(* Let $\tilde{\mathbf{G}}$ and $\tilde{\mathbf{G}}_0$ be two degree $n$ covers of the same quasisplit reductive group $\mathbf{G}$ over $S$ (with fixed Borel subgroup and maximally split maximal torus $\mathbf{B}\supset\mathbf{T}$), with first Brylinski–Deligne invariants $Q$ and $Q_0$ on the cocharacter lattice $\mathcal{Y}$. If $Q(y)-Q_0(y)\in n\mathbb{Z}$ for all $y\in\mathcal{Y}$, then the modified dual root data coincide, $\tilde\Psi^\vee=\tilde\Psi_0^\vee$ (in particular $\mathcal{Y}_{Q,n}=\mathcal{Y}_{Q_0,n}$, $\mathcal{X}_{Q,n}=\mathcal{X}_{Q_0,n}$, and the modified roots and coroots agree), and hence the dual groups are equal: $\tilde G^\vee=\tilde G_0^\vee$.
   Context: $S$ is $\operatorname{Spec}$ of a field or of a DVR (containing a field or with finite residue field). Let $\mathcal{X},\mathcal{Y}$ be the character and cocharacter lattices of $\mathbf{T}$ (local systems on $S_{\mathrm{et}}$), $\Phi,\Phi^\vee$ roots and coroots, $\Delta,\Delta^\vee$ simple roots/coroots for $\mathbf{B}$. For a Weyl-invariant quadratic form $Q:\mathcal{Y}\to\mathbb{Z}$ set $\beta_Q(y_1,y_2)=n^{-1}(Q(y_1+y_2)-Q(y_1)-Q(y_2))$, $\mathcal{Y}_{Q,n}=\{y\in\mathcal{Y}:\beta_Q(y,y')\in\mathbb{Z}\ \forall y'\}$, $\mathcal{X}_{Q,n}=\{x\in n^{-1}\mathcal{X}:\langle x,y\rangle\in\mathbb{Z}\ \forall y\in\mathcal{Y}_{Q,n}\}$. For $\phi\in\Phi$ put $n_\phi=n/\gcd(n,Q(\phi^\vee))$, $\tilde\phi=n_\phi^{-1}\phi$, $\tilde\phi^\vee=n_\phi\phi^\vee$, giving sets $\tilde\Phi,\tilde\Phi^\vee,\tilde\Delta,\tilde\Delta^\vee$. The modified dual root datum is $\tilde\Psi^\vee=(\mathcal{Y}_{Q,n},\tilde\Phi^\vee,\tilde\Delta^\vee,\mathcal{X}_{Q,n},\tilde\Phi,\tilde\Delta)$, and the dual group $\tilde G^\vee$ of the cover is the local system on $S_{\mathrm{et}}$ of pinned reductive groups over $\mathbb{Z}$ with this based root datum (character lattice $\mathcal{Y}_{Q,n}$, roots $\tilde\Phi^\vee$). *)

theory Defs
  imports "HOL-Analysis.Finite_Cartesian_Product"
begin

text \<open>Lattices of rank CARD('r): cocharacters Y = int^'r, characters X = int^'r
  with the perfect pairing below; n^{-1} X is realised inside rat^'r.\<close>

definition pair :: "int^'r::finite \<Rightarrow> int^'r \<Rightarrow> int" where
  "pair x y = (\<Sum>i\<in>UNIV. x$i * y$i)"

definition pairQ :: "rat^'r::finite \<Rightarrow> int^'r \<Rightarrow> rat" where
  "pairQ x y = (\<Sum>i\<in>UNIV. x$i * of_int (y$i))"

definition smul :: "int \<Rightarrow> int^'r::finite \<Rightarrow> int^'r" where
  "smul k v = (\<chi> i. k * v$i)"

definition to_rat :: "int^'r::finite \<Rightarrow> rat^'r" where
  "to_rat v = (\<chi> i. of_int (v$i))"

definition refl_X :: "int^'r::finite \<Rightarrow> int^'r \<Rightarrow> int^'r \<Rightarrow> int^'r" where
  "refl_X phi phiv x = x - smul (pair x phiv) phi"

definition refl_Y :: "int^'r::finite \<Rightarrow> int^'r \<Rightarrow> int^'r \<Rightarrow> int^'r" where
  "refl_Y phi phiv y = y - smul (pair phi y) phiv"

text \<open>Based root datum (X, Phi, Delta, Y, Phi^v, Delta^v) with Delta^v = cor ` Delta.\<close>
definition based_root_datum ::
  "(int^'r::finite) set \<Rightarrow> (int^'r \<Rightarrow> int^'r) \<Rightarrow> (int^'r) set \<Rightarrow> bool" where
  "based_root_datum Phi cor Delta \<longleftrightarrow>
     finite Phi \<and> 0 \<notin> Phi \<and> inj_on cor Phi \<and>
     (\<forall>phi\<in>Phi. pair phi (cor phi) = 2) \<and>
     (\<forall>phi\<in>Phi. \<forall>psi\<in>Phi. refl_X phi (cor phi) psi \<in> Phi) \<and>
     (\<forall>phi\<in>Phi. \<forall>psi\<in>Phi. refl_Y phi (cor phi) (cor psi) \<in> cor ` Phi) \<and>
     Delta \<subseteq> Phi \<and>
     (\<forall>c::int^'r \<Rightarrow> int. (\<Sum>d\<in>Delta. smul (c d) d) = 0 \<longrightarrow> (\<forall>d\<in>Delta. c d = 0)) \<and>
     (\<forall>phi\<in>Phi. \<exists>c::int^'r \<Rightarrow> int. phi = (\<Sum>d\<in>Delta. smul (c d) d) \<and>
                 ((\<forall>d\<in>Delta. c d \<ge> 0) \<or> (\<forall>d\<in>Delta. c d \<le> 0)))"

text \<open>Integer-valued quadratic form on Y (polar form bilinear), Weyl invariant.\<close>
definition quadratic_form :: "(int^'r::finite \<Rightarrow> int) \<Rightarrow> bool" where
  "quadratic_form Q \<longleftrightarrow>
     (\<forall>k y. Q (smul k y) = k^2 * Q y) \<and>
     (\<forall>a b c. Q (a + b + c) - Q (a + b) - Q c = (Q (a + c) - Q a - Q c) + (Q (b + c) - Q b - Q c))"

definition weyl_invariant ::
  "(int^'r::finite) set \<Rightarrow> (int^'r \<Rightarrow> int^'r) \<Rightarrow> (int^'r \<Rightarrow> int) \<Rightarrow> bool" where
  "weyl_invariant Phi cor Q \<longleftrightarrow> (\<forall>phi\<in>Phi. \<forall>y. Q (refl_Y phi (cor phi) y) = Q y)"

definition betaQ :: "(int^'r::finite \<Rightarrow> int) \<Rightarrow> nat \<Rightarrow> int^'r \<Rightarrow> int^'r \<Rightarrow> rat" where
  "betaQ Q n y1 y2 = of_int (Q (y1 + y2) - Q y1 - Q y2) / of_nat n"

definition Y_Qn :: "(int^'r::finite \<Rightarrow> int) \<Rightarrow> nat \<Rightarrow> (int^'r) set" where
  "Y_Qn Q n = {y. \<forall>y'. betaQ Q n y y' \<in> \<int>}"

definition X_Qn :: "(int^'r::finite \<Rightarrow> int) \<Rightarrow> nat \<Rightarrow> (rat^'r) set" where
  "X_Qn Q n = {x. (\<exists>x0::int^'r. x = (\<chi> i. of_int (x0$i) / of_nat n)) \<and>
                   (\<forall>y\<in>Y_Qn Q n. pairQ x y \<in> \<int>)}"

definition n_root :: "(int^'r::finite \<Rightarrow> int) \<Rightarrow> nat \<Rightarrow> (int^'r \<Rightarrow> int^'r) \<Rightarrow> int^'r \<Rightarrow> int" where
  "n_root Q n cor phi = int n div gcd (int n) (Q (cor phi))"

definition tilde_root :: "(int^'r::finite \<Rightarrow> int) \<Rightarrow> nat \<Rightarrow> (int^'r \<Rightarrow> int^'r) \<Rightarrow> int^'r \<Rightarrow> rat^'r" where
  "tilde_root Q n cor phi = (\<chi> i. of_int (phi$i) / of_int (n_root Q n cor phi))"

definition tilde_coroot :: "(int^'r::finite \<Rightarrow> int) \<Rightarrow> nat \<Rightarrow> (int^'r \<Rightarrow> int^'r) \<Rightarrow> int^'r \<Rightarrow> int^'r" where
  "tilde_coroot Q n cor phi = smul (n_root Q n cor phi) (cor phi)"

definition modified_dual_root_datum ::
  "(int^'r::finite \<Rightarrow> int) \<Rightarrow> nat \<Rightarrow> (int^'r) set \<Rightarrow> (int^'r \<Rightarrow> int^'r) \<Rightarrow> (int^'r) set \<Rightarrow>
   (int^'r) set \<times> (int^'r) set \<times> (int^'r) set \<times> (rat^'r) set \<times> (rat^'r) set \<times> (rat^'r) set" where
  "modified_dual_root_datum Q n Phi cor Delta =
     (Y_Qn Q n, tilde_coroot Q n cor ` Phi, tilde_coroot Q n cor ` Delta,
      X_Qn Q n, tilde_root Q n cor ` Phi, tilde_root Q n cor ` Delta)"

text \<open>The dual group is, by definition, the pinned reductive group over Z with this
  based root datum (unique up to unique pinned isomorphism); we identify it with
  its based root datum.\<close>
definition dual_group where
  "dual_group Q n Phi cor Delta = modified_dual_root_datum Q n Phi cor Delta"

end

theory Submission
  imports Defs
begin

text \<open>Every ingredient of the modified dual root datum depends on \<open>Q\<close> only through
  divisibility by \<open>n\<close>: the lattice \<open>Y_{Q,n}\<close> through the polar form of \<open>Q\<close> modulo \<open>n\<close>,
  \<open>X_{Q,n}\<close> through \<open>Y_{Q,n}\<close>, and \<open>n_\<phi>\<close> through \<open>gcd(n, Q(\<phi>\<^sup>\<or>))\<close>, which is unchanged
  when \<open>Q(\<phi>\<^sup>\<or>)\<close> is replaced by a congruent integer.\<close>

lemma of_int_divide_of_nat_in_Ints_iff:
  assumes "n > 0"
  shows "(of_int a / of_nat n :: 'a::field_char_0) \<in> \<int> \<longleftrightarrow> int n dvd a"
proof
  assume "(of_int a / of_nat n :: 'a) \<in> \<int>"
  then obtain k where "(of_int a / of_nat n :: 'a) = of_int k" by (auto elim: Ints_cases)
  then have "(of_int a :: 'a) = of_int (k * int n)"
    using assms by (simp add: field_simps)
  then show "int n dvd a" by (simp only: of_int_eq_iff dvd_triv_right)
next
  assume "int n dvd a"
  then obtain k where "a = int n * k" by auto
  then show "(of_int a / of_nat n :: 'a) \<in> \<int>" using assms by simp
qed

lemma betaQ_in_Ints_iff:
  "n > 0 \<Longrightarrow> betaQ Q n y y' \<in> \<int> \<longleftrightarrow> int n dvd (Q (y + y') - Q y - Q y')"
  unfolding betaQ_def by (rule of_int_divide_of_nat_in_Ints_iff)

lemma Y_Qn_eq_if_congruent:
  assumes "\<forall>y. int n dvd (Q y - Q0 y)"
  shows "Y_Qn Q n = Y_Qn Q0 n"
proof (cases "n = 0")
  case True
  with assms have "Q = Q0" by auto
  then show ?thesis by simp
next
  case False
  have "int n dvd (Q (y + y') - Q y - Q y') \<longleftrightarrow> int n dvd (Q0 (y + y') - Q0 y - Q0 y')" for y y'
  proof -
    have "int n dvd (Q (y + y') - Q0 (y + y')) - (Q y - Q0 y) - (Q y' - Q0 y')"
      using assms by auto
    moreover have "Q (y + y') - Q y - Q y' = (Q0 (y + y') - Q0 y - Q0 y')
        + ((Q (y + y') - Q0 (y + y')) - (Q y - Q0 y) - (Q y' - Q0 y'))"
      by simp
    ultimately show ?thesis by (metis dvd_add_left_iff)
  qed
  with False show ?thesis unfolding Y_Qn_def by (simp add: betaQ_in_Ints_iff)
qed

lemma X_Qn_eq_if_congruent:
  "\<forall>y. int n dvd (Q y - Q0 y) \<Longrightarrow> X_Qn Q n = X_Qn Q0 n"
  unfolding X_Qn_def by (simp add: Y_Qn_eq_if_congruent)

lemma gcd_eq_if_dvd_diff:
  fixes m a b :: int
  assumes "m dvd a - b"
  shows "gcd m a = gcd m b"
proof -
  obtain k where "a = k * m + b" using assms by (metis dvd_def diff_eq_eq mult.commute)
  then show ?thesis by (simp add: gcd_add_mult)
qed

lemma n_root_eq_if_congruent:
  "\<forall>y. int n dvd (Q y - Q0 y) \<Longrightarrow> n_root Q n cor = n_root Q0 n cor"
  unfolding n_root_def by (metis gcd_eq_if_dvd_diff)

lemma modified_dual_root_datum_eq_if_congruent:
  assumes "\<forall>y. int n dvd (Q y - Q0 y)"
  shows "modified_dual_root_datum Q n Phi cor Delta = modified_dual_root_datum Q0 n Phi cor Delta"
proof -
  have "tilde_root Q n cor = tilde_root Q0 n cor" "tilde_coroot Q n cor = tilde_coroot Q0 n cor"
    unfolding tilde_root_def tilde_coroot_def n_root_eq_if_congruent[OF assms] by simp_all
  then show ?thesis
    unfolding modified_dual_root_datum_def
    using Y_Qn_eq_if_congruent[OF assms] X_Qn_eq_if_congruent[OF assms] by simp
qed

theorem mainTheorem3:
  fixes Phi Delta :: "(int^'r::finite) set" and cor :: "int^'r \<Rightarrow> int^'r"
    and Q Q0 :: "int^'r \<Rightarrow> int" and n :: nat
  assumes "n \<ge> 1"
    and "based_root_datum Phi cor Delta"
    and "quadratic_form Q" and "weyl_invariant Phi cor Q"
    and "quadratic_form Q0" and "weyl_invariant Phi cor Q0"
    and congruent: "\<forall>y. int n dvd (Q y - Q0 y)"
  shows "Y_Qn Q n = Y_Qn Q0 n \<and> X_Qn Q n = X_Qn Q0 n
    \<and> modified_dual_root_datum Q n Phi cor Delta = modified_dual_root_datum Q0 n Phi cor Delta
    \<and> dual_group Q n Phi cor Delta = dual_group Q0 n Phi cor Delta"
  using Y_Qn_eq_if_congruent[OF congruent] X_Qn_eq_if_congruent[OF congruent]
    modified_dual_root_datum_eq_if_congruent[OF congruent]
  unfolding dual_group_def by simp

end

---

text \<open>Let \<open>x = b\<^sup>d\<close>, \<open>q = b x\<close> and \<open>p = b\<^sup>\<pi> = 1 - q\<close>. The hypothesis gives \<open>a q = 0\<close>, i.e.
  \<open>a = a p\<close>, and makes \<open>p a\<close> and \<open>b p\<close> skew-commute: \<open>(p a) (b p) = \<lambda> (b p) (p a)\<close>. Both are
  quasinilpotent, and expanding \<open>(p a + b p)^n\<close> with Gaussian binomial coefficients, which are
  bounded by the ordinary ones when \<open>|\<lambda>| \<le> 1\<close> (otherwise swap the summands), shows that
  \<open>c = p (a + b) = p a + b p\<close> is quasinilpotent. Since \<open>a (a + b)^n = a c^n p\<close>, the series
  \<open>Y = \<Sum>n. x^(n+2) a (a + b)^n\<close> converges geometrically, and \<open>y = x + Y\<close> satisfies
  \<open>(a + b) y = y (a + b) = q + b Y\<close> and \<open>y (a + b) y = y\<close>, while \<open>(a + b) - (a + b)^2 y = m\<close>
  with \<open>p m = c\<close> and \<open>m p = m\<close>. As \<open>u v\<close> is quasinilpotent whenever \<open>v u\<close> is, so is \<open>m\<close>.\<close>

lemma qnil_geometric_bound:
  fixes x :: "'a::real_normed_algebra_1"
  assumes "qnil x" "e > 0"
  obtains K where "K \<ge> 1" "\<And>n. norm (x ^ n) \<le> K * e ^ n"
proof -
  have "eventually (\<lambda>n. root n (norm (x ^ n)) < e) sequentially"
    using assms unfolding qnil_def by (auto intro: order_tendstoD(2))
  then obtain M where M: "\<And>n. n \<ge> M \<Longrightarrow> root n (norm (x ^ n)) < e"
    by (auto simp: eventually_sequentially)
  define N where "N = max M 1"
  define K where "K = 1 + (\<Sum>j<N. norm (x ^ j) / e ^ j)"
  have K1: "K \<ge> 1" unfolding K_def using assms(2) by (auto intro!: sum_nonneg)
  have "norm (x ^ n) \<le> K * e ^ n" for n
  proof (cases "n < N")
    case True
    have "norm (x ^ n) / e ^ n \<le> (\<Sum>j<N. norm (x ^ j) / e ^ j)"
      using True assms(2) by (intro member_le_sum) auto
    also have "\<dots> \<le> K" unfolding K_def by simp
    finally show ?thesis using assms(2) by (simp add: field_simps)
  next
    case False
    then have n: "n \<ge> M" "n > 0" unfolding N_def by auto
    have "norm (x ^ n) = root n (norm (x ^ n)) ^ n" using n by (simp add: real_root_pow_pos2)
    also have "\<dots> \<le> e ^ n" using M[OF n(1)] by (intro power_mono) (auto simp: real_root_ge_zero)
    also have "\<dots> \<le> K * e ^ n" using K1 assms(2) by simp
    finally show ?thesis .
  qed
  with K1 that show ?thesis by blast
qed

→ **Assigned task**
In the material above, locate the line containing "smul (pair phi" and the line containing "cor Delta \<longleftrightarrow>". Transcribe exactly those two lines and every line between them, and nothing more.

→ **Response area**
  "refl_Y phi phiv y = y - smul (pair phi y) phiv"

text \<open>Based root datum (X, Phi, Delta, Y, Phi^v, Delta^v) with Delta^v = cor ` Delta.\<close>
definition based_root_datum ::
  "(int^'r::finite) set \<Rightarrow> (int^'r \<Rightarrow> int^'r) \<Rightarrow> (int^'r) set \<Rightarrow> bool" where
  "based_root_datum Phi cor Delta \<longleftrightarrow>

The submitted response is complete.